April 3rd, 2009 at 11:11 PM ^

So, it's no different than 3-4s with a bunch of zone blitzes insomuch as someone's coming; who is the question. I don't know what the Safety/LB hybrid is other than an answer to three wr sets on run downs/situations and just way to get some more athletes in the box. I don't think you see that position used in two TE sets. I know I know, you will say that a smaller more athletic guy like SB will work against power run formations, but I'll take a true LB or DE for my liking. As for the number of snaps, I'm gonna agree that we couldn't get off the field, but I will couple that with the tale of two halves. You see 40 snaps before halftime, you've got issues. The offense always started slow and kept the defense on the field and I know that when the snaps get up there, focus, stamina, and confidence can dwindle even in Barwis' guys.
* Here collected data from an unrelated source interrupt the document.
lemma sum_in_sub_append: "sum_in_sub xs \<Longrightarrow> sum_in_sub ys \<Longrightarrow> sum_in_sub (xs @ ys)"
  using sum_in_sub_append_iff unfolding sum_in_sub_def by blast

lemma sum_in_sub_of_subset: "set xs \<subseteq> A \<Longrightarrow> sum_in_sub xs"
proof (induction xs)
  case Nil
  show ?case
    by (rule sum_in_sub_Nil)
next
  case (Cons x xs)
  then have "sum_in_sub ([x] @ xs)"
    using sub_in_Obj sum_in_sub_single by (intro sum_in_sub_append) auto
  then show ?case
    by simp
qed

lemma sum_in_sub_replace_term:
  assumes L: "distinct L" "k \<in> set L"
    and Obj: "\<And>l. l \<in> set L \<Longrightarrow> f l \<in> Obj C \<and> g l \<in> Obj C"
    and iso: "\<And>l. l \<in> set L \<Longrightarrow> l \<noteq> k \<Longrightarrow> isomorphic C (f l) (g l)"
    and bp: "is_biproduct C (g k) B (f k) i1 i2 p1 p2" and ws: "set ws \<subseteq> Obj C"
  shows "sum_in_sub (map f L @ ws) \<longleftrightarrow> sum_in_sub (map g L @ B # ws)"
proof -
  obtain L1 L2 where L_split: "L = L1 @ k # L2"
    using L(2) by (meson split_list)
  then have k_notin: "k \<notin> set L1" "k \<notin> set L2"
    using L(1) by auto
  define h where "h l = (if l = k then f k else g l)" for l
  have "list_all2 (isomorphic C) (map f L) (map h L)"
    unfolding list.rel_map
    by (rule list.rel_refl_strong) (use iso Obj in \<open>auto simp: h_def isomorphic_refl\<close>)
  moreover have "list_all2 (isomorphic C) ws ws"
    by (rule list.rel_refl_strong) (use ws isomorphic_refl in auto)
  ultimately have "sum_in_sub (map f L @ ws) \<longleftrightarrow> sum_in_sub (map h L @ ws)"
    by (intro sum_in_sub_isomorphic list_all2_appendI)
  also have "\<dots> \<longleftrightarrow> sum_in_sub (f k # map g L1 @ map g L2 @ ws)"
  proof -
    have "map h L = map g L1 @ f k # map g L2"
      using k_notin unfolding L_split by (auto simp: h_def)
    then show ?thesis
      by (intro sum_in_sub_perm) simp
  qed
  also have "\<dots> \<longleftrightarrow> sum_in_sub (g k # B # map g L1 @ map g L2 @ ws)"
    using Obj ws L_split by (intro sum_in_sub_biproduct_head[OF bp]) auto
  also have "\<dots> \<longleftrightarrow> sum_in_sub (map g L @ B # ws)"
    by (intro sum_in_sub_perm) (simp add: L_split)
  finally show ?thesis .
qed
(* Consider the complex polynomial optimization problem $\inf\{f(\mathbf z,\bar{\mathbf z}) : g_j(\mathbf z,\bar{\mathbf z})\ge 0,\ j\in[m]\}$ with $f,g_1,\dots,g_m$ Hermitian, and assume it is a quadratically constrained quadratic program, i.e. $\deg f\le 2$ and $1\le \deg g_j\le 2$ for all $j\in[m]$. Then, for relaxation order $d=1$ and any choice of chordal extension of the correlative sparsity pattern graph, the correlative-sparsity relaxation and the dense relaxation have the same optimal value: $\rho^{\mathrm{cs}}_1=\rho_1$.
   Context: Notation: $[n]=\{1,\dots,n\}$; $\mathbb N^n_t=\{\alpha\in\mathbb N^n:\sum_i\alpha_i\le t\}$. Let $\mathbf z=(z_1,\dots,z_n)$ be complex variables and $\bar{\mathbf z}$ their conjugates. A polynomial $p\in\mathbb C[\mathbf z,\bar{\mathbf z}]$ is written $p=\sum_{(\beta,\gamma)}p_{\beta,\gamma}\mathbf z^\beta\bar{\mathbf z}^\gamma$; its support is $\mathrm{supp}(p)=\{(\beta,\gamma)\in\mathbb N^n\times\mathbb N^n:p_{\beta,\gamma}\neq0\}$ and $\deg p=\max\{|\beta|+|\gamma|:(\beta,\gamma)\in\mathrm{supp}(p)\}$. $p$ is Hermitian if $p_{\beta,\gamma}=\overline{p_{\gamma,\beta}}$ for all $\beta,\gamma$. Set $d_j=\lceil\deg g_j/2\rceil$ for $j\in[m]$, $d_0=0$, $g_0=1$, $d_{\min}=\max\{\lceil\deg f/2\rceil,d_1,\dots,d_m\}$. Moments: $\mathbf y=(y_{\beta,\gamma})_{(\beta,\gamma)\in\mathbb N^n\times\mathbb N^n}$ is a complex sequence with $y_{\beta,\gamma}=\overline{y_{\gamma,\beta}}$, and $L_{\mathbf y}(p)=\sum_{(\beta,\gamma)}p_{\beta,\gamma}y_{\beta,\gamma}$. For $t\in\mathbb N$ and Hermitian $g$, the localizing matrix $\mathbf M_t(g\mathbf y)$ is the Hermitian matrix with rows and columns indexed by $\mathbb N^n_t$ whose $(\beta,\gamma)$ entry is $L_{\mathbf y}(g\,\mathbf z^\beta\bar{\mathbf z}^\gamma)=\sum_{(\beta',\gamma')}g_{\beta',\gamma'}y_{\beta+\beta',\gamma+\gamma'}$; the moment matrix is $\mathbf M_t(\mathbf y)=\mathbf M_t(1\cdot\mathbf y)$ (entries $y_{\beta,\gamma}$). $X\succeq0$ means $X$ is Hermitian positive semidefinite. Dense relaxation $(Q_d)$ for $d\ge d_{\min}$: minimize $L_{\mathbf y}(f)$ subject to $\mathbf M_d(\mathbf y)\succeq0$, $\mathbf M_{d-d_j}(g_j\mathbf y)\succeq0$ for $j\in[m]$, and $y_{\mathbf 0,\mathbf 0}=1$; its optimal value is $\rho_d$. Correlative sparsity: fix $d\ge d_{\min}$ and let $J'=\{j\in[m]:d_j=d\}$. For $\alpha\in\mathbb N^n$ let $\mathrm{supp}(\alpha)=\{i:\alpha_i\ne0\}$, and for a polynomial $p$ let $\mathrm{var}(p)=\bigcup_{(\beta,\gamma)\in\mathrm{supp}(p)}(\mathrm{supp}(\beta)\cup\mathrm{supp}(\gamma))$. The csp graph $G^{\mathrm{csp}}$ has nodes $[n]$ and an edge $\{i,i'\}$ ($i\neq i'$) iff either (i) some $(\beta,\gamma)\in\mathrm{supp}(f)\cup\bigcup_{j\in J'}\mathrm{supp}(g_j)$ has $\{i,i'\}\subseteq\mathrm{supp}(\beta)\cup\mathrm{supp}(\gamma)$, or (ii) some $j\in[m]\setminus J'$ has $\{i,i'\}\subseteq\mathrm{var}(g_j)$. A chordal extension of a graph is a chordal graph on the same node set containing it. Let $I_1,\dots,I_p$ be the maximal cliques of a chordal extension of $G^{\mathrm{csp}}$, and let $J_1,\dots,J_p$ be pairwise disjoint sets with union $[m]\setminus J'$ such that $\mathrm{var}(g_j)\subseteq I_l$ for all $j\in J_l$. $\mathbf M_t(g\mathbf y,I_l)$ denotes the principal submatrix of $\mathbf M_t(g\mathbf y)$ with rows and columns indexed by those $\beta\in\mathbb N^n_t$ with $\mathrm{supp}(\beta)\subseteq I_l$ (and $\mathbf M_t(\mathbf y,I_l)=\mathbf M_t(1\cdot\mathbf y,I_l)$). The relaxation $(Q^{\mathrm{cs}}_d)$: minimize $L_{\mathbf y}(f)$ subject to $\mathbf M_d(\mathbf y,I_l)\succeq0$ for $l\in[p]$, $\mathbf M_{d-d_j}(g_j\mathbf y,I_l)\succeq0$ for $j\in J_l$, $l\in[p]$, $L_{\mathbf y}(g_j)\ge0$ for $j\in J'$, and $y_{\mathbf 0,\mathbf 0}=1$; its optimal value is $\rho^{\mathrm{cs}}_d$. *)

theory Defs
  imports Complex_Main "HOL-Library.Extended_Real"
begin
lemma is_tvs_pointwise_scale_continuous:
  assumes "is_tvs_pointwise T" "f \<in> topspace T"
  shows "continuous_map euclideanreal T (\<lambda>t x. t *\<^sub>R f x)"
proof -
  have "continuous_map euclideanreal (prod_topology euclideanreal T) (\<lambda>t. (t, f))"
    using assms(2) by (simp add: continuous_map_paired)
  then have "continuous_map euclideanreal T ((\<lambda>(c, f). (\<lambda>x. c *\<^sub>R f x)) \<circ> (\<lambda>t. (t, f)))"
    using assms(1) unfolding is_tvs_pointwise_def by (meson continuous_map_compose)
  then show ?thesis by (simp add: o_def)
qed

theorem corollary3p2:
  fixes At :: "('a::t2_space set \<times> ('a \<Rightarrow> real^'m)) set"
    and P :: "('e::real_vector \<Rightarrow> real) set"
  assumes "smooth_atlas At"
    and "\<exists>K::nat \<Rightarrow> 'a set. (\<forall>n. compact (K n)) \<and> (\<Union>n. K n) = UNIV"
    and "\<not> compact (UNIV :: 'a set)"
    and "lc_family P"
    and "\<exists>x::'e. x \<noteq> 0"
  shows "\<not> is_tvs_pointwise (vS_top P At)"
proof
  assume tvs: "is_tvs_pointwise (vS_top P At)"
  obtain v :: 'e and p where p: "p \<in> P" "p v \<noteq> 0"
    using assms(4,5) unfolding lc_family_def by blast
  have s: "is_seminorm p" using assms(4) p(1) by (simp add: lc_family_def)
  obtain x :: "nat \<Rightarrow> 'a" where "\<And>y. \<exists>V. open V \<and> y \<in> V \<and> finite {n. x n \<in> V}"
    using exists_locally_finite_sequence[OF assms(1-3)] by blast
  then obtain N where N: "openin (vS_top P At) N" "\<And>w. (\<lambda>_. w) \<in> N \<longleftrightarrow> p w = 0"
    using vS_top_open_separating_constants[OF assms(1) _ assms(4) cont_seminorm_of_lc_family[OF assms(4) p(1)]]
    by blast
  have "continuous_map euclideanreal (vS_top P At) (\<lambda>t (_::'a). t *\<^sub>R v)"
    using is_tvs_pointwise_scale_continuous[OF tvs constant_in_topspace_vS_top[OF assms(4)]] .
  from openin_continuous_map_preimage[OF this N(1)]
  have "open {t. p (t *\<^sub>R v) = 0}" using N(2) by simp
  moreover have "{t. p (t *\<^sub>R v) = 0} = {0}"
    using s p(2) unfolding is_seminorm_def by auto
  ultimately show False using not_open_singleton by metis
qed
This is a 3-4 with multiple looks, but the fundametals are not something new. I get tired of people thinking a 3 or 4 man front is specifically a one gap or two gap scheme exclusively. Gap responsibility is different on different plays, irregardless of how many guys are in a 3pt stance. I don't think you can ever have too many athletes on the field, so I'm open-minded about the coming year. I'm going to make the trek from DC to AA for the spring game to check it all out in person.

gsimmons85

April 3rd, 2009 at 6:22 PM ^

wolv, there are numerous reasons for the defense being on the field a lot. one is that they were terrible on third sdowns all year. so part of the reason for being on the field so much was becasue they were bad at getting off the field. that goes back to the defense, not the offense... but of course the offenses inablity to move the ball consistently had somehting to do with it as well

gsimmons85

April 3rd, 2009 at 5:17 PM ^

i believe i did a whole series on the 3-4 about how it is really a 50 front. how most people assume that where you line up dictates how many gaps you have (which is so wrong), and i even did a chalk talk on how stupid it is to assume that a 3-4 is a 2 gap, or that a 4-3 is a one gap. or even that a 3-4 stays a 3-4 when a te or multiple te's or in the game. Robinson is running a 3-4 but is not neccesarily running 2 gaps, just like the majority of 3-4's around the country...

Wolv54

April 4th, 2009 at 10:23 PM ^

G, can we meet up at the spring game? I'm leaving Friday from DC and driving up. I would love to get some real time break down and compare notes. I'm just a lowly volunteer position coach though.